> _Dataset entries_:
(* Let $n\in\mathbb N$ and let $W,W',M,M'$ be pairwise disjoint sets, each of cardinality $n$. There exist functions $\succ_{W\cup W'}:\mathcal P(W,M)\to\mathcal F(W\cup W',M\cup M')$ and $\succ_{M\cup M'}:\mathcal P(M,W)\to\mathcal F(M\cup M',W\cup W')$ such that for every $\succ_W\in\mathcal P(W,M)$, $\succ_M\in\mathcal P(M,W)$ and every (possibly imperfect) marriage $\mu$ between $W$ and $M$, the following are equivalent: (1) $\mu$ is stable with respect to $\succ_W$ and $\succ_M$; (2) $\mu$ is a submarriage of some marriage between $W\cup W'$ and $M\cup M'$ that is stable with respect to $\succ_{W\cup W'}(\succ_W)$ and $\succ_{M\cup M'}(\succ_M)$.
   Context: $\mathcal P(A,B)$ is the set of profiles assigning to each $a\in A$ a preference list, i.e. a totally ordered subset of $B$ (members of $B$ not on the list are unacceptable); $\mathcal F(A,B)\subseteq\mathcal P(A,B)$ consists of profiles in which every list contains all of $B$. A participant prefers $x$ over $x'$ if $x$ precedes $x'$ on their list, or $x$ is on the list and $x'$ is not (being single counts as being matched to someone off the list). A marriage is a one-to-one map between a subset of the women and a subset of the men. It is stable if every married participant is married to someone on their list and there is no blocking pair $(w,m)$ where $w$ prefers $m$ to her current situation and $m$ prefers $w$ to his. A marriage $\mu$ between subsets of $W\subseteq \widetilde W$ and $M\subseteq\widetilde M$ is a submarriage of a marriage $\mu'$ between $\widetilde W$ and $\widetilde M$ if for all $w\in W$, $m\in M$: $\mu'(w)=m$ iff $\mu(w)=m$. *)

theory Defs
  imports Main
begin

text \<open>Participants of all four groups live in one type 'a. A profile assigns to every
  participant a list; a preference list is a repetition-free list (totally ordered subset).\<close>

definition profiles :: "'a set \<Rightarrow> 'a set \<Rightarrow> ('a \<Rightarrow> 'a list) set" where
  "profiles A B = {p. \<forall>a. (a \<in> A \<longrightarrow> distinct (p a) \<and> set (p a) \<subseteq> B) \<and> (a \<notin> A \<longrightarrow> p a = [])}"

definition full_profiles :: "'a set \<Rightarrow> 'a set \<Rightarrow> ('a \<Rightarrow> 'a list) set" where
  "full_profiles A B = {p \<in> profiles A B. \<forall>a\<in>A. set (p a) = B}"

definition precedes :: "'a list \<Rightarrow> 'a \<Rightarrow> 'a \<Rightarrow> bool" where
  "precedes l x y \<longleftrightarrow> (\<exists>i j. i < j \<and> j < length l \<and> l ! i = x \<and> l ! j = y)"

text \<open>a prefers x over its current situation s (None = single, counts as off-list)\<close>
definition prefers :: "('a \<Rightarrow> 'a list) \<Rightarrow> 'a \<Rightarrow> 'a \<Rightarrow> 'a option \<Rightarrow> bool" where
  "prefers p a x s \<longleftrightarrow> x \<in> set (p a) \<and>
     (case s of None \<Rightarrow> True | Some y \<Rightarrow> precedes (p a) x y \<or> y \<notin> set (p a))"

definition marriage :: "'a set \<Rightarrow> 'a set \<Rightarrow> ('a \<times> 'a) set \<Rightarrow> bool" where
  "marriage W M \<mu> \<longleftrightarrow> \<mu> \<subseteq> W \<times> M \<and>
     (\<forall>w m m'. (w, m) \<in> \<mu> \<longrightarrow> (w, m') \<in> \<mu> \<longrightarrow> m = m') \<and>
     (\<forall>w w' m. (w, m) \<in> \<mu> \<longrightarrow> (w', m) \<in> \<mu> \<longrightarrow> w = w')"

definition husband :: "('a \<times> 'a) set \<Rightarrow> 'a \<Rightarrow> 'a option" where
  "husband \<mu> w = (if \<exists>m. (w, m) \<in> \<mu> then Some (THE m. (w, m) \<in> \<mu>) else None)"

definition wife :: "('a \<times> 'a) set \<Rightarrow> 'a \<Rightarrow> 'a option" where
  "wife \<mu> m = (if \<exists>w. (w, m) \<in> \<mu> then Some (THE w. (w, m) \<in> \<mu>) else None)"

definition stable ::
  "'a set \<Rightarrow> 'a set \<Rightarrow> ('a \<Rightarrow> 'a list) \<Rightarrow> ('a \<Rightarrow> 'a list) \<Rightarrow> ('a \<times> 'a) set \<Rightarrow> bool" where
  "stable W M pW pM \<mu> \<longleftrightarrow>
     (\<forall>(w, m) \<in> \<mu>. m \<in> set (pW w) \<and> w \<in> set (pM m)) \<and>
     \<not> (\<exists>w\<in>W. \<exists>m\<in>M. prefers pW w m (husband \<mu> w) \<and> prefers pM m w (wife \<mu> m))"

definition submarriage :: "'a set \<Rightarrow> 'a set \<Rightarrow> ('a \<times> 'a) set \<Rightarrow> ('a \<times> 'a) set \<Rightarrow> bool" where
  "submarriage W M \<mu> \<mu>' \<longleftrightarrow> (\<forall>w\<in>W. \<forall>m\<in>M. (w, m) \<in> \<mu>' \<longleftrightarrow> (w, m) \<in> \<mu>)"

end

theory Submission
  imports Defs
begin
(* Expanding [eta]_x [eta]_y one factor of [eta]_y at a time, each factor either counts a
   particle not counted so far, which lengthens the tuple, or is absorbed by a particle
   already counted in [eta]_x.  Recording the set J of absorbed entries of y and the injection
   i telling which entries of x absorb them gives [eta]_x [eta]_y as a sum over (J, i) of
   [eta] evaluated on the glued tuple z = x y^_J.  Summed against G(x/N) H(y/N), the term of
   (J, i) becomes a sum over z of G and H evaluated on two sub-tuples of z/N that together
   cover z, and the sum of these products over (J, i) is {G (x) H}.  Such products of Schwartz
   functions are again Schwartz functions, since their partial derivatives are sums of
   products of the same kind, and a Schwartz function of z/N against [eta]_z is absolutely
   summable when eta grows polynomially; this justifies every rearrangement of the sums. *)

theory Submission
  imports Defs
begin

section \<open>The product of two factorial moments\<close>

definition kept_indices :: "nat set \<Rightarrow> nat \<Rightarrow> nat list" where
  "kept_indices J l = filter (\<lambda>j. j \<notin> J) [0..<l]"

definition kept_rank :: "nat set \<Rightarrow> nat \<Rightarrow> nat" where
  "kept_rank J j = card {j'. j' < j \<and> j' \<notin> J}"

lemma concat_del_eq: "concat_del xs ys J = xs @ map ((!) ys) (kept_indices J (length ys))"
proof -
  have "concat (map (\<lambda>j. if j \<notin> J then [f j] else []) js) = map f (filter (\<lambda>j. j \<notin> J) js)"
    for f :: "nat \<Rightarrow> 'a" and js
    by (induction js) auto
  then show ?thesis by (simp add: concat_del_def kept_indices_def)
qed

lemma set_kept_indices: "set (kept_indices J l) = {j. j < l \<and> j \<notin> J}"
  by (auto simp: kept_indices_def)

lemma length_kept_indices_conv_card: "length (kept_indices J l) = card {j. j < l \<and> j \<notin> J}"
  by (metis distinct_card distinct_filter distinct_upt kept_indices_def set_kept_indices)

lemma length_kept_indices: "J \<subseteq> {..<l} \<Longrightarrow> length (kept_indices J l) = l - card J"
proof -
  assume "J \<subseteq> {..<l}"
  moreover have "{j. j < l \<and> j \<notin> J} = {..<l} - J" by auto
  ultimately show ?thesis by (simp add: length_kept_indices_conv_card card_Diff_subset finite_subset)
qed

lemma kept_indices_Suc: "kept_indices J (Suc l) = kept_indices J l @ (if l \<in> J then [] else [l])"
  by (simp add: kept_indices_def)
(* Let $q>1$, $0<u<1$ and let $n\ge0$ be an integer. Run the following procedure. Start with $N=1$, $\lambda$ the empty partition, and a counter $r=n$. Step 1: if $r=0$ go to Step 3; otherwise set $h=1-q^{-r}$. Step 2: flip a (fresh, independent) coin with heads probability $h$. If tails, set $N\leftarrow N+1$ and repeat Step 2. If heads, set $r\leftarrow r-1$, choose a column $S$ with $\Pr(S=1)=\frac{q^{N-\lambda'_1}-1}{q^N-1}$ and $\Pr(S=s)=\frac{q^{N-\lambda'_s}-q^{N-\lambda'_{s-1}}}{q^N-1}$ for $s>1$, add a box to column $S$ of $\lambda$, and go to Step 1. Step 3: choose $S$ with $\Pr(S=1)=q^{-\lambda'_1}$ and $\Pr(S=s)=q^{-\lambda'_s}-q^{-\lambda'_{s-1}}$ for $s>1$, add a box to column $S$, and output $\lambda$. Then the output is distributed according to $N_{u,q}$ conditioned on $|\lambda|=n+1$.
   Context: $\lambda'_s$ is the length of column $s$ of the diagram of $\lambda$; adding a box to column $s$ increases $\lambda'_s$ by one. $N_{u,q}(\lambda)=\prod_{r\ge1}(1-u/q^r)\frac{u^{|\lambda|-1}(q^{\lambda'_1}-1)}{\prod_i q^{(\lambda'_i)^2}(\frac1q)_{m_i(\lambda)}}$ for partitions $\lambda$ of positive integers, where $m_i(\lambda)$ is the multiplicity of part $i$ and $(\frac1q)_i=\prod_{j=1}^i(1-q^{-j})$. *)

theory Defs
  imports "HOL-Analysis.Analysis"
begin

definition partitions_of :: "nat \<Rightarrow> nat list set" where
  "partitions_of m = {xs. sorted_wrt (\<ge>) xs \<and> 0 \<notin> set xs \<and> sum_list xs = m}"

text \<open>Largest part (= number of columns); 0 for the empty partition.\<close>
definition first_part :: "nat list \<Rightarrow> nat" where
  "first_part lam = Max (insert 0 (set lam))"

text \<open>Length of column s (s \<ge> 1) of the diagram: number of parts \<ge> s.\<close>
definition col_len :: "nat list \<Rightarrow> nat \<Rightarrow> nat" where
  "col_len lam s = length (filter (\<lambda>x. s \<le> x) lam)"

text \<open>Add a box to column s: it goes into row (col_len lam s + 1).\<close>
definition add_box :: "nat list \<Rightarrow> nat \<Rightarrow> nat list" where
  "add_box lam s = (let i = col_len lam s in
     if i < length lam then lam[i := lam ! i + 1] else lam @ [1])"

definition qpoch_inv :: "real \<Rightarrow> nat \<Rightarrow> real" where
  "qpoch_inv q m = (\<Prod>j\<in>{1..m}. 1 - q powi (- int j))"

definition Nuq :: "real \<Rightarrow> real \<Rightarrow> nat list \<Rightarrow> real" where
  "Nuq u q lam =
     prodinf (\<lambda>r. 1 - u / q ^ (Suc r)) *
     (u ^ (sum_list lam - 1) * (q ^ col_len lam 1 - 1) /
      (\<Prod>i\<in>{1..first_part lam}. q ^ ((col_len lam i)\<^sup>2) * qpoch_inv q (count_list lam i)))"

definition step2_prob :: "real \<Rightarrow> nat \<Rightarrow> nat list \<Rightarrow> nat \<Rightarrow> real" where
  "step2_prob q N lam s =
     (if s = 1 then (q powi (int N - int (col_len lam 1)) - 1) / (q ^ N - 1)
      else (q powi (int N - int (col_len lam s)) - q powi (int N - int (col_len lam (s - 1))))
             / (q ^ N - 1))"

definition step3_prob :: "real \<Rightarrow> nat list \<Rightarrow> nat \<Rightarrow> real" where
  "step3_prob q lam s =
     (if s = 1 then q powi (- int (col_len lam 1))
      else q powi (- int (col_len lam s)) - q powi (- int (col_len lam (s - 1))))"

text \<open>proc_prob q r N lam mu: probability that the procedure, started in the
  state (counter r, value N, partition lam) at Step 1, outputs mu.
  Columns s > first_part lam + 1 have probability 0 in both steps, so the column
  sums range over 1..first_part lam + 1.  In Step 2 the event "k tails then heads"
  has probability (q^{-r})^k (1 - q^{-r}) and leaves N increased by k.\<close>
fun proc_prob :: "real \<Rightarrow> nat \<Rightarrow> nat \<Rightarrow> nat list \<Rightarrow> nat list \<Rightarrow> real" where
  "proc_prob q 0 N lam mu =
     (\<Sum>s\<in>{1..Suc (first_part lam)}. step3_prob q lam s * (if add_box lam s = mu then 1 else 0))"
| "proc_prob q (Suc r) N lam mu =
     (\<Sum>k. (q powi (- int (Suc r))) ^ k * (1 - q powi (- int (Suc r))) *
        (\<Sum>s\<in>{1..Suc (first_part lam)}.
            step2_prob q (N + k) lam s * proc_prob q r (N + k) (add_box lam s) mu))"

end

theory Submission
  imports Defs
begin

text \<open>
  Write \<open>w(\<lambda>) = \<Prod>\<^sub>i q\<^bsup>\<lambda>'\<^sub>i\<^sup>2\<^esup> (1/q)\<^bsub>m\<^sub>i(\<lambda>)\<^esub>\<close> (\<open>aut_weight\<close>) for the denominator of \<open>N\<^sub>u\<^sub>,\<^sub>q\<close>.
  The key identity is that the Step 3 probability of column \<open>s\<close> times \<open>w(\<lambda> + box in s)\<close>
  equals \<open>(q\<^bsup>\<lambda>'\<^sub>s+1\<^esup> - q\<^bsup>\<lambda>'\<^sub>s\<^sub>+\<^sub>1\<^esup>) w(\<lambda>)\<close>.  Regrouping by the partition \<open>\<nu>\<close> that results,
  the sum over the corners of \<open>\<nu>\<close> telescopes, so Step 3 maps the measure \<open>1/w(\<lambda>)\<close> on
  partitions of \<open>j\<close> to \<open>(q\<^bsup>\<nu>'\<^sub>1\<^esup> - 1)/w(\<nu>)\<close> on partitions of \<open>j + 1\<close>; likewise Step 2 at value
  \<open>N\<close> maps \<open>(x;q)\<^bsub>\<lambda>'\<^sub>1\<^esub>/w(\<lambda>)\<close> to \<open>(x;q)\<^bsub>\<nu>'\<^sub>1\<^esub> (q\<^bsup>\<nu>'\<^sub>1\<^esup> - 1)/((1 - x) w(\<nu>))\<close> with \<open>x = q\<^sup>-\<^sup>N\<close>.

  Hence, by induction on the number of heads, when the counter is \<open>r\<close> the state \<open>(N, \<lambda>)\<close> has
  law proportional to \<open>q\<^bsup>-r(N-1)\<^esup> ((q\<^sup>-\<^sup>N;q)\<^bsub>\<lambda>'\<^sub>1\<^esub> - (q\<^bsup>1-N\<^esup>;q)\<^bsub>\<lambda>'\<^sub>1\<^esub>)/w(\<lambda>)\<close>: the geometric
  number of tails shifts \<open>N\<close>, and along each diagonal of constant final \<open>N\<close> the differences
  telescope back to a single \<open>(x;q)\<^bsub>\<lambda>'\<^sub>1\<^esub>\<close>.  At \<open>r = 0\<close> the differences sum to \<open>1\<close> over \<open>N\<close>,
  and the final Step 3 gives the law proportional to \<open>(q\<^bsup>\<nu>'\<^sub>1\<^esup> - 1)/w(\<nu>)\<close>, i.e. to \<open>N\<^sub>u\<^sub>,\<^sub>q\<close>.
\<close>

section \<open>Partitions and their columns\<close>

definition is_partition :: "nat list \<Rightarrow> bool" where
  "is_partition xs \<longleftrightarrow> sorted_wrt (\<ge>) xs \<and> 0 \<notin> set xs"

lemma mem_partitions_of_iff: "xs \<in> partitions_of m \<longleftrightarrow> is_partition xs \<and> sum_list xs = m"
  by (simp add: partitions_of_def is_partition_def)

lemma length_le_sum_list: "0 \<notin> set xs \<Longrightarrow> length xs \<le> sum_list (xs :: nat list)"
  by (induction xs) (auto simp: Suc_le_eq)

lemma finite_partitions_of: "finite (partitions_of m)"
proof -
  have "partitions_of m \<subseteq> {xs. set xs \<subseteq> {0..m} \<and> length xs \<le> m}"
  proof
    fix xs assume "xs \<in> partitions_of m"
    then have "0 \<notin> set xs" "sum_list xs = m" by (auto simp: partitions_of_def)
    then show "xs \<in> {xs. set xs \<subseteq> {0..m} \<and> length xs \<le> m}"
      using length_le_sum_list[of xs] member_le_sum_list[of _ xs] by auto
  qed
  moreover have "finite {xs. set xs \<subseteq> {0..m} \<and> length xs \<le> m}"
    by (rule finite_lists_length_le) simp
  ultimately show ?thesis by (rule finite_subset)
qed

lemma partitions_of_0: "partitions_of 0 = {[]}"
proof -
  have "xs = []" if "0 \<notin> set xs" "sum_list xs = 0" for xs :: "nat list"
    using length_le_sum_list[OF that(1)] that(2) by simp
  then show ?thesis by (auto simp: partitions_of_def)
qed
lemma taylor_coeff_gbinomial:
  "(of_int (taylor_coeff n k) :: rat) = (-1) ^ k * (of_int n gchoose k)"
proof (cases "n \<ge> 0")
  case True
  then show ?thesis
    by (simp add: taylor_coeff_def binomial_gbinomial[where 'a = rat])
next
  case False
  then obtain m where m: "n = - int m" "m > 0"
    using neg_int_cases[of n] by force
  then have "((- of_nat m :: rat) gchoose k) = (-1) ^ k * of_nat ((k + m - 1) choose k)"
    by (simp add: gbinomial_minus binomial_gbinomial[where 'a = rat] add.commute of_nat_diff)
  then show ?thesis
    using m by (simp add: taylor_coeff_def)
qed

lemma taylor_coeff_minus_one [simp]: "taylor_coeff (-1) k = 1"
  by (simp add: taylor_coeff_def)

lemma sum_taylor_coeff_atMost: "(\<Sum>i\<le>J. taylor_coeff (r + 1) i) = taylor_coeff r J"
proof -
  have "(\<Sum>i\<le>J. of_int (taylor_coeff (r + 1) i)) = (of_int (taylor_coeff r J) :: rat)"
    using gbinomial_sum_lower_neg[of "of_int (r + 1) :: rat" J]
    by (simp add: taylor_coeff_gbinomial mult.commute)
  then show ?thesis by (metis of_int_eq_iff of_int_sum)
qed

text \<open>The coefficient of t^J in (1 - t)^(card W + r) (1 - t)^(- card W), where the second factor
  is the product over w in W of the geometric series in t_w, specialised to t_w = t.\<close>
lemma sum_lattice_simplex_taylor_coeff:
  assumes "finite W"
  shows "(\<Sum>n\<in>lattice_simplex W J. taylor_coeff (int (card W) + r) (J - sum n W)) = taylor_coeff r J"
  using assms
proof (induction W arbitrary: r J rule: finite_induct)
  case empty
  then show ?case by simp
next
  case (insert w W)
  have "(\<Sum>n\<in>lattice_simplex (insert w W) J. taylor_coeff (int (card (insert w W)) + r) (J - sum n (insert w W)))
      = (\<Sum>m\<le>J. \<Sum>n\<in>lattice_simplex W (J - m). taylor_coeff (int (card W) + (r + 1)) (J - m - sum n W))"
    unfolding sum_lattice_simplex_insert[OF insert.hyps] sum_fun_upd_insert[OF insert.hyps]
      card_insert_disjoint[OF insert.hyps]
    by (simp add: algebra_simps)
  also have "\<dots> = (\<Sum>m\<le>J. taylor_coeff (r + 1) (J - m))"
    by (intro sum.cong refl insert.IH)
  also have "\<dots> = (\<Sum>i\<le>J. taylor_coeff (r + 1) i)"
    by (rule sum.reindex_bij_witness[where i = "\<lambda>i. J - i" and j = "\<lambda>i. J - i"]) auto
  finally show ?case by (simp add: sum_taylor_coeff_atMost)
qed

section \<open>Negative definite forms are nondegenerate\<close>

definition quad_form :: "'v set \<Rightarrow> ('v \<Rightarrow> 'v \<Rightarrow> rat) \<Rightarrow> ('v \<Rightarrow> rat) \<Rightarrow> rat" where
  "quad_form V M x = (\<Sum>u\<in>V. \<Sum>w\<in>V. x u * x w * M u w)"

> _What the exercise asks_: Looking through the data above, copy out each line in which the string "probability" occurs.

> _Solved exercise_:
(* Let $q>1$, $0<u<1$ and let $n\ge0$ be an integer. Run the following procedure. Start with $N=1$, $\lambda$ the empty partition, and a counter $r=n$. Step 1: if $r=0$ go to Step 3; otherwise set $h=1-q^{-r}$. Step 2: flip a (fresh, independent) coin with heads probability $h$. If tails, set $N\leftarrow N+1$ and repeat Step 2. If heads, set $r\leftarrow r-1$, choose a column $S$ with $\Pr(S=1)=\frac{q^{N-\lambda'_1}-1}{q^N-1}$ and $\Pr(S=s)=\frac{q^{N-\lambda'_s}-q^{N-\lambda'_{s-1}}}{q^N-1}$ for $s>1$, add a box to column $S$ of $\lambda$, and go to Step 1. Step 3: choose $S$ with $\Pr(S=1)=q^{-\lambda'_1}$ and $\Pr(S=s)=q^{-\lambda'_s}-q^{-\lambda'_{s-1}}$ for $s>1$, add a box to column $S$, and output $\lambda$. Then the output is distributed according to $N_{u,q}$ conditioned on $|\lambda|=n+1$.
text \<open>proc_prob q r N lam mu: probability that the procedure, started in the
  Columns s > first_part lam + 1 have probability 0 in both steps, so the column
  has probability (q^{-r})^k (1 - q^{-r}) and leaves N increased by k.\<close>
  The key identity is that the Step 3 probability of column \<open>s\<close> times \<open>w(\<lambda> + box in s)\<close>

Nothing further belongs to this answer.